HP to buy 3Com for $3.1bn
Networking equipment market heats up
HP will pay $7.90 per share for 3Com, a 39 per cent premium over its closing price. The deal values 3Com at $2.7bn excluding its net cash.
"Cisco and HP are going to compete more and more," said Jayson Noland, analyst at Robert W Baird & Co. "We're headed to a world where each of these large companies can give you everything you want."
By buying 3Com, HP will be competing with Cisco on a wider range of network equipment, including routers and switches. 3Com also has a large presence in China and can help HP expand sales into one of the world's fastest-growing markets.
HP is already a dominant force in personal computers, IT services, servers and printers, with recurring revenue streams that have helped it during the economic downturn.
3Com, for its part, has been pushing into the large enterprise market outside China with its H3C brand, trying to take on giants like Cisco.
"We wanted to create a powerhouse in the networking industry," said Marius Haas, senior vice president of HP's ProCurve networking division, adding that the 3Com deal puts HP in a good position to compete against Cisco.

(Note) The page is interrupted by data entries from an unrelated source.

text \<open>discrete values q_k^n with time step dt; q_k^0 = q_k(0) = 0\<close>
primrec q_disc :: "(nat \<Rightarrow> real) \<Rightarrow> (nat \<Rightarrow> real) \<Rightarrow> (real \<Rightarrow> real) \<Rightarrow> real \<Rightarrow> nat \<Rightarrow> nat \<Rightarrow> real" where
  "q_disc \<beta> \<tau> f dt k 0 = 0"
| "q_disc \<beta> \<tau> f dt k (Suc n) =
     (exp (- dt / (2 * \<tau> k)))\<^sup>2 * q_disc \<beta> \<tau> f dt k n
     + exp (- dt / (2 * \<tau> k)) * \<beta> k * (f (real (Suc n) * dt) - f (real n * dt))"

definition prony_disc :: "nat \<Rightarrow> (nat \<Rightarrow> real) \<Rightarrow> (nat \<Rightarrow> real) \<Rightarrow> (real \<Rightarrow> real) \<Rightarrow> real \<Rightarrow> nat \<Rightarrow> real" where
  "prony_disc N \<beta> \<tau> f dt n =
     \<beta> 0 / dt * (f (real n * dt) - f (real (n - 1) * dt)) + (\<Sum>k=1..N. q_disc \<beta> \<tau> f dt k n)"

end

theory Submission
  imports Defs
begin

text \<open>
  The \<beta>_0 term compares f'(t_n) with a backward difference quotient, whose error is at most
  \<Delta> |f''|/2. For a mode k, the variation-of-constants formula gives
  q_k(t_n) = e_k^2 q_k(t_{n-1}) + \<beta>_k \<integral> exp((s - t_n)/\<tau>_k) f'(s) ds over [t_{n-1}, t_n], so the
  error E^n = q_k(t_n) - q_k^n satisfies E^n = e_k^2 E^{n-1} + \<beta>_k l^n, where l^n is the error
  of replacing that integral by e_k (f^n - f^{n-1}), i.e. of freezing the kernel at the midpoint of
  the step. A midpoint expansion gives l^n = O(\<Delta>^3/\<tau>_k) when \<Delta> \<le> \<tau>_k, and a crude bound
  gives O(\<Delta>) otherwise; in both regimes l^n = O(\<Delta>^2 (1 - e_k^2)). As the recursion damps by
  e_k^2 per step, the accumulated error stays below the geometric-series limit O(\<Delta>^2),
  uniformly in n and T.
\<close>

lemma has_integral_real_derivative:
  assumes "a \<le> b" and "\<And>t. t \<in> {a..b} \<Longrightarrow> (h has_real_derivative h' t) (at t within {a..b})"
  shows "(h' has_integral (h b - h a)) {a..b}"
  using assms by (intro fundamental_theorem_of_calculus) (auto simp: has_real_derivative_iff_has_vector_derivative)

lemma abs_diff_le_of_deriv_bound:
  fixes f :: "real \<Rightarrow> real"
  assumes "\<And>t. t \<in> {a..b} \<Longrightarrow> (f has_real_derivative f' t) (at t within {a..b})"
    and "\<And>t. t \<in> {a..b} \<Longrightarrow> \<bar>f' t\<bar> \<le> M"
    and "x \<in> {a..b}" "y \<in> {a..b}"
  shows "\<bar>f x - f y\<bar> \<le> M * \<bar>x - y\<bar>"
  using field_differentiable_bound[of "{a..b}" f f' M x y] assms by simp

lemma abs_exp_diff_le_nonpos:
  fixes u v :: real
  assumes "u \<le> 0" "v \<le> 0"
  shows "\<bar>exp u - exp v\<bar> \<le> \<bar>u - v\<bar>"
  using field_differentiable_bound[of "{..0}" exp exp 1 u v] assms
  by (auto intro: DERIV_exp[THEN has_field_derivative_at_within])

lemma abs_exp_sub_exp_neg_le:
  fixes x :: real
  assumes "0 \<le> x" "x \<le> 1/2"
  shows "\<bar>exp x - exp (-x) - 2 * x\<bar> \<le> x ^ 3"
proof -
  obtain t1 where t1: "\<bar>t1\<bar> \<le> \<bar>x\<bar>" "exp x = (\<Sum>m<3. x ^ m / fact m) + exp t1 / fact 3 * x ^ 3"
    using Maclaurin_exp_le by blast
  obtain t2 where t2: "\<bar>t2\<bar> \<le> \<bar>-x\<bar>" "exp (-x) = (\<Sum>m<3. (-x) ^ m / fact m) + exp t2 / fact 3 * (-x) ^ 3"
    using Maclaurin_exp_le by blast
  have "exp t1 \<le> exp 1" "exp t2 \<le> exp 1" using t1(1) t2(1) assms by auto
  then have bound: "exp t1 + exp t2 \<le> 6" using exp_le by linarith
  have taylor: "exp x - exp (-x) - 2 * x = (exp t1 + exp t2) / 6 * x ^ 3"
    using t1(2) t2(2) by (simp add: eval_nat_numeral fact_numeral field_simps)
  have "\<bar>exp x - exp (-x) - 2 * x\<bar> = (exp t1 + exp t2) / 6 * x ^ 3"
    unfolding taylor by (rule abs_of_nonneg) (use assms in simp)
  also have "\<dots> \<le> 1 * x ^ 3"
    using bound assms by (intro mult_right_mono) auto
  finally show ?thesis by simp
qed

lemma one_minus_exp_neg_ge_half:
  fixes y :: real
  assumes "0 \<le> y" "y \<le> 1"
  shows "y / 2 \<le> 1 - exp (- y)"
proof -
  have "exp (- y) \<le> 1 / (1 + y)"
    using exp_ge_add_one_self[of y] assms by (simp add: exp_minus field_simps)
  also have "\<dots> \<le> 1 - y / 2"
  proof -
    have "y * y \<le> y" using assms by (simp add: mult_left_le_one_le)
    then show ?thesis using assms by (simp add: field_simps)
  qed
  finally show ?thesis by simp
qed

When asked for comment, Cisco said: "While Cisco has a healthy respect for all of our competitors, acquisitions in our industry only validate the fact that networking is becoming the platform for all forms of communications and IT."

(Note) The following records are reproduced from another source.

lemma interp_scheme_error_euclidean:
  fixes F :: "nat \<Rightarrow> real \<Rightarrow> 'a::euclidean_space"
  assumes n: "n > 0" and \<epsilon>: "\<epsilon> \<noteq> 0" and R: "real n * \<bar>\<epsilon>\<bar> \<le> R"
    and der: "\<And>m t. m < 2*n+1 \<Longrightarrow> \<bar>t\<bar> \<le> R \<Longrightarrow> (F m has_vector_derivative F (Suc m) t) (at t)"
    and bound: "\<And>t. \<bar>t\<bar> \<le> R \<Longrightarrow> norm (F (2*n+1) t) \<le> B"
  shows "norm (F 1 0 - (1/\<epsilon>) *\<^sub>R (\<Sum>k=1..n. interp_coeff n k *\<^sub>R (F 0 (real k * \<epsilon>) - F 0 (- (real k * \<epsilon>)))))
           \<le> real DIM('a) * B * interp_error_coeff n * \<bar>\<epsilon>\<bar> ^ (2*n)"
    (is "norm ?err \<le> _")
proof -
  have "\<bar>?err \<bullet> b\<bar> \<le> B * interp_error_coeff n * \<bar>\<epsilon>\<bar> ^ (2*n)" if b: "b \<in> Basis" for b
  proof -
    have "\<bar>F 1 0 \<bullet> b - (1/\<epsilon>) * (\<Sum>k=1..n. interp_coeff n k * (F 0 (real k * \<epsilon>) \<bullet> b - F 0 (- (real k * \<epsilon>)) \<bullet> b))\<bar>
        \<le> B * interp_error_coeff n * \<bar>\<epsilon>\<bar> ^ (2*n)"
    proof (rule interp_scheme_error[OF n \<epsilon> R, where f = "\<lambda>m t. F m t \<bullet> b"])
      fix m t assume "m < 2*n+1" "\<bar>t\<bar> \<le> R"
      from bounded_linear.has_vector_derivative[OF bounded_linear_inner_left der[OF this], of b]
      show "((\<lambda>t. F m t \<bullet> b) has_real_derivative F (Suc m) t \<bullet> b) (at t)"
        by (simp add: has_real_derivative_iff_has_vector_derivative)
    next
      fix t assume "\<bar>t\<bar> \<le> R"
      then show "\<bar>F (2*n+1) t \<bullet> b\<bar> \<le> B" using Basis_le_norm[OF b] bound order_trans by blast
    qed
    then show ?thesis by (simp add: inner_diff_left inner_sum_left)
  qed
  then have "(\<Sum>b\<in>Basis. \<bar>?err \<bullet> b\<bar>) \<le> (\<Sum>b\<in>(Basis::'a set). B * interp_error_coeff n * \<bar>\<epsilon>\<bar> ^ (2*n))"
    by (rule sum_mono)
  then show ?thesis using norm_le_l1[of ?err] by (simp add: mult_ac)
qed

lemma flow_domain_contains_tube:
  assumes fl: "is_flow Y D Phi Omega" and K: "compact K" "K \<subseteq> D"
  obtains \<eta> where "\<eta> > 0" "\<And>x t. x \<in> K \<Longrightarrow> \<bar>t\<bar> < \<eta> \<Longrightarrow> (t, x) \<in> Omega"
proof -
  have "compact ((\<lambda>x. (0::real, x)) ` K)"
    by (rule compact_continuous_image) (auto intro!: continuous_intros K)
  moreover have "(\<lambda>x. (0::real, x)) ` K \<subseteq> Omega" using is_flowD(2)[OF fl] K by auto
  ultimately obtain e where e: "e > 0" "(\<Union>p\<in>(\<lambda>x. (0::real, x)) ` K. ball p e) \<subseteq> Omega"
    using compact_subset_open_imp_ball_epsilon_subset[OF _ is_flowD(1)[OF fl]] by metis
  show ?thesis
  proof (rule that[OF e(1)])
    fix x t assume "x \<in> K" "\<bar>t\<bar> < e"
    then have "(t, x) \<in> ball (0, x) e" by (simp add: dist_Pair_Pair dist_real_def)
    then show "(t, x) \<in> Omega" using e(2) \<open>x \<in> K\<close> by blast
  qed
qed

lemma flow_displacement_le:
  assumes fl: "is_flow Y D Phi Omega" and x: "x \<in> D"
    and Om: "\<And>u. u \<in> closed_segment 0 s \<Longrightarrow> (u, x) \<in> Omega"
    and M: "\<And>u. u \<in> closed_segment 0 s \<Longrightarrow> norm (Y (Phi u x)) \<le> M"
  shows "norm (Phi s x - x) \<le> M * \<bar>s\<bar>"
proof -
  have "norm (Phi s x - Phi 0 x) \<le> M * norm (s - 0)"
  proof (rule differentiable_bound[where f = "\<lambda>u. Phi u x" and f' = "\<lambda>u h. h *\<^sub>R Y (Phi u x)"])
    show "convex (closed_segment 0 s)" by simp
    fix u assume u: "u \<in> closed_segment 0 s"
    show "((\<lambda>u. Phi u x) has_derivative (\<lambda>h. h *\<^sub>R Y (Phi u x))) (at u within closed_segment 0 s)"
      using is_flowD(5)[OF fl Om[OF u]] has_vector_derivative_def has_derivative_at_withinI by blast
    show "onorm (\<lambda>h. h *\<^sub>R Y (Phi u x)) \<le> M"
      using M[OF u] by (simp add: onorm_scaleR_left[OF bounded_linear_ident] onorm_id)
  qed auto
  then show ?thesis using is_flowD(3)[OF fl x] by simp
qed

lemma segment_first_exit:
  fixes \<gamma> :: "real \<Rightarrow> 'a::real_normed_vector"
  assumes cont: "continuous_on (closed_segment 0 t) \<gamma>"
    and start: "norm (\<gamma> 0 - c) < r" and leave: "r \<le> norm (\<gamma> t - c)"
  obtains s where "s \<in> closed_segment 0 t" "r \<le> norm (\<gamma> s - c)"
    "\<And>u. u \<in> closed_segment 0 s \<Longrightarrow> norm (\<gamma> u - c) \<le> r"
proof -
  define A where "A = {s \<in> closed_segment 0 t. r \<le> norm (\<gamma> s - c)}"
  have "closed A" unfolding A_def
    by (rule continuous_on_closed_Collect_le) (auto intro!: continuous_intros cont)
  then have "compact (closed_segment 0 t \<inter> A)" by (rule compact_Int_closed[OF compact_segment])
  moreover have "closed_segment 0 t \<inter> A = A" by (auto simp: A_def)
  moreover have "A \<noteq> {}" using leave unfolding A_def by auto
  ultimately obtain s where s: "s \<in> A" "\<And>u. u \<in> A \<Longrightarrow> \<bar>s\<bar> \<le> \<bar>u\<bar>"
    using continuous_attains_inf[of A abs] continuous_on_rabs[OF continuous_on_id] by auto
  have s_seg: "s \<in> closed_segment 0 t" and s_far: "r \<le> norm (\<gamma> s - c)" using s(1) A_def by auto
  have "s \<noteq> 0" using s_far start by auto
  have subseg: "closed_segment 0 s \<subseteq> closed_segment 0 t"
    using s_seg by (auto simp: closed_segment_eq_real_ivl split: if_splits)
  define C where "C = {u \<in> closed_segment 0 s. norm (\<gamma> u - c) \<le> r}"
  have "closed C" unfolding C_def
    by (rule continuous_on_closed_Collect_le)
      (auto intro!: continuous_intros continuous_on_subset[OF cont subseg])
  moreover have "open_segment 0 s \<subseteq> C"
  proof
    fix v assume v: "v \<in> open_segment 0 s"
    then have "\<bar>v\<bar> < \<bar>s\<bar>" by (auto simp: open_segment_eq_real_ivl split: if_splits)
    moreover have "v \<in> closed_segment 0 s" using v open_closed_segment by blast
    ultimately show "v \<in> C" using s(2)[of v] subseg unfolding C_def A_def by force
  qed
  ultimately have "closure (open_segment 0 s) \<subseteq> C" by (rule closure_minimal[rotated])
  then have "norm (\<gamma> u - c) \<le> r" if "u \<in> closed_segment 0 s" for u
    using that \<open>s \<noteq> 0\<close> unfolding C_def by auto
  with s_seg s_far show ?thesis by (rule that)
qed

lemma flow_stays_in_ball:
  assumes fl: "is_flow Y D Phi Omega" and x: "x \<in> D" and r: "r > 0"
    and Om: "\<And>s. \<bar>s\<bar> \<le> \<bar>t\<bar> \<Longrightarrow> (s, x) \<in> Omega"
    and M: "\<And>y. y \<in> cball x r \<Longrightarrow> norm (Y y) \<le> M"
    and Mt: "M * \<bar>t\<bar> < r"
  shows "norm (Phi t x - x) < r"
proof (rule ccontr)
  assume "\<not> norm (Phi t x - x) < r"
  have seg: "\<bar>s\<bar> \<le> \<bar>t\<bar>" if "s \<in> closed_segment 0 t" for s
    using that by (auto simp: closed_segment_eq_real_ivl split: if_splits)
  have "continuous_on (closed_segment 0 t) (\<lambda>s. Phi s x)"
    using is_flowD(5)[OF fl Om] seg
    by (meson continuous_at_imp_continuous_on has_vector_derivative_continuous)
  then obtain s where s: "s \<in> closed_segment 0 t" "r \<le> norm (Phi s x - x)"
    and inside: "\<And>u. u \<in> closed_segment 0 s \<Longrightarrow> norm (Phi u x - x) \<le> r"
    by (rule segment_first_exit[where c = x and r = r]) (use \<open>\<not> norm (Phi t x - x) < r\<close> is_flowD(3)[OF fl x] r in auto)
  have subseg: "closed_segment 0 s \<subseteq> closed_segment 0 t"
    using s(1) by (auto simp: closed_segment_eq_real_ivl split: if_splits)
  have "norm (Phi s x - x) \<le> M * \<bar>s\<bar>"
  proof (rule flow_displacement_le[OF fl x])
    fix u assume u: "u \<in> closed_segment 0 s"
    show "(u, x) \<in> Omega" using Om seg subseg u by blast
    show "norm (Y (Phi u x)) \<le> M"
      using M inside[OF u] by (simp add: dist_norm norm_minus_commute)
  qed
  also have "\<dots> \<le> M * \<bar>t\<bar>"
    using M[of x] r seg[OF s(1)] by (intro mult_left_mono) (auto intro: order_trans[OF norm_ge_zero])
  finally show False using s(2) Mt by simp
qed

lemma flow_locally_uniform:
  assumes fl: "is_flow Y D Phi Omega" and D: "open D" and Y: "continuous_on D Y"
    and K: "compact K" "K \<subseteq> D"
  obtains \<delta> L where "\<delta> > 0" "compact L" "L \<subseteq> D"
    "\<And>x t. x \<in> K \<Longrightarrow> \<bar>t\<bar> \<le> \<delta> \<Longrightarrow> (t, x) \<in> Omega \<and> Phi t x \<in> L"
proof -
  obtain r where r: "r > 0" "(\<Union>x\<in>K. cball x r) \<subseteq> D"
    using compact_subset_open_imp_cball_epsilon_subset[OF K(1) D K(2)] by blast
  define L where "L = (\<Union>x\<in>K. cball x r)"
  have L: "compact L" "L \<subseteq> D"
    using compact_minkowski_sum_cball[OF K(1)] r(2) unfolding L_def by auto
  obtain M0 where M0: "\<And>y. y \<in> L \<Longrightarrow> norm (Y y) \<le> M0"
    using continuous_on_compact_bound[OF L(1) continuous_on_subset[OF Y L(2)]] by blast
  define M where "M = max M0 1"
  obtain \<eta> where \<eta>: "\<eta> > 0" "\<And>x t. x \<in> K \<Longrightarrow> \<bar>t\<bar> < \<eta> \<Longrightarrow> (t, x) \<in> Omega"
    using flow_domain_contains_tube[OF fl K] by blast
  define \<delta> where "\<delta> = min (\<eta>/2) (r/(2*M))"
  show ?thesis
  proof (rule that[OF _ L])
    show "\<delta> > 0" using \<eta> r by (simp add: \<delta>_def M_def)
    fix x t assume x: "x \<in> K" and t: "\<bar>t\<bar> \<le> \<delta>"
    have Om: "(s, x) \<in> Omega" if "\<bar>s\<bar> \<le> \<bar>t\<bar>" for s
      using \<eta>(2)[OF x] that t \<eta>(1) by (simp add: \<delta>_def)
    have MY: "norm (Y y) \<le> M" if "y \<in> cball x r" for y
      using M0[of y] that x unfolding L_def M_def by force
    have "M * \<bar>t\<bar> \<le> M * (r/(2*M))"
      using t by (intro mult_left_mono) (auto simp: \<delta>_def M_def)
    also have "\<dots> < r" using r by (simp add: M_def)
    finally have "norm (Phi t x - x) < r"
      using flow_stays_in_ball[OF fl _ r(1) Om MY] x K(2) by blast
    then have "Phi t x \<in> cball x r" by (simp add: dist_norm norm_minus_commute)
    then show "(t, x) \<in> Omega \<and> Phi t x \<in> L"
      using Om[of t] x unfolding L_def by blast
  qed
qed

lemma interp_field_error_along_flow:
  fixes Y :: "'a::euclidean_space \<Rightarrow> 'a"
  assumes fl: "is_flow Y D Phi Omega" and D: "open D" and Y: "smooth_on D Y"
    and n: "n > 0" and \<epsilon>: "\<epsilon> \<noteq> 0" and x: "x \<in> D"
    and orbit: "\<And>t. \<bar>t\<bar> \<le> real n * \<bar>\<epsilon>\<bar> \<Longrightarrow> (t, x) \<in> Omega \<and> norm (lie_iter Y (2*n+1) (Phi t x)) \<le> B"
  shows "norm (Y x - interp_field Phi n x \<epsilon>) \<le> real DIM('a) * B * interp_error_coeff n * \<bar>\<epsilon>\<bar> ^ (2*n)"
proof -
  have "norm (lie_iter Y 1 (Phi 0 x) - (1/\<epsilon>) *\<^sub>R (\<Sum>k=1..n. interp_coeff n k *\<^sub>R
          (lie_iter Y 0 (Phi (real k * \<epsilon>) x) - lie_iter Y 0 (Phi (- (real k * \<epsilon>)) x))))
        \<le> real DIM('a) * B * interp_error_coeff n * \<bar>\<epsilon>\<bar> ^ (2*n)"
  proof (rule interp_scheme_error_euclidean[OF n \<epsilon> order_refl])
    fix m t assume "\<bar>t\<bar> \<le> real n * \<bar>\<epsilon>\<bar>"
    then show "((\<lambda>t. lie_iter Y m (Phi t x)) has_vector_derivative lie_iter Y (Suc m) (Phi t x)) (at t)"
      using has_vector_derivative_along_flow[OF fl smooth_on_lie_iter[OF D Y]] orbit by simp
  qed (use orbit in simp)
  then show ?thesis using is_flowD(3)[OF fl x] by (simp add: interp_field_def)
qed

3Com would be HP's fourth biggest acquisition ever. The Marlborough, Massachusetts-based 3Com has 5,800 employees and posted revenue for the 2009 financial year of $1.3bn, more than half of which came from China.
Dave Donatelli, general manager of enterprise servers and networking at HP, said the company scoured the networking industry for potential targets before settling on 3Com.
"I think very clearly here we bought this to grow, and there's no two ways about that," he said on a conference call.
The terms of the 3Com deal were approved by the boards of both companies, but needs shareholder approval. The deal is expected to close in the first half of 2010.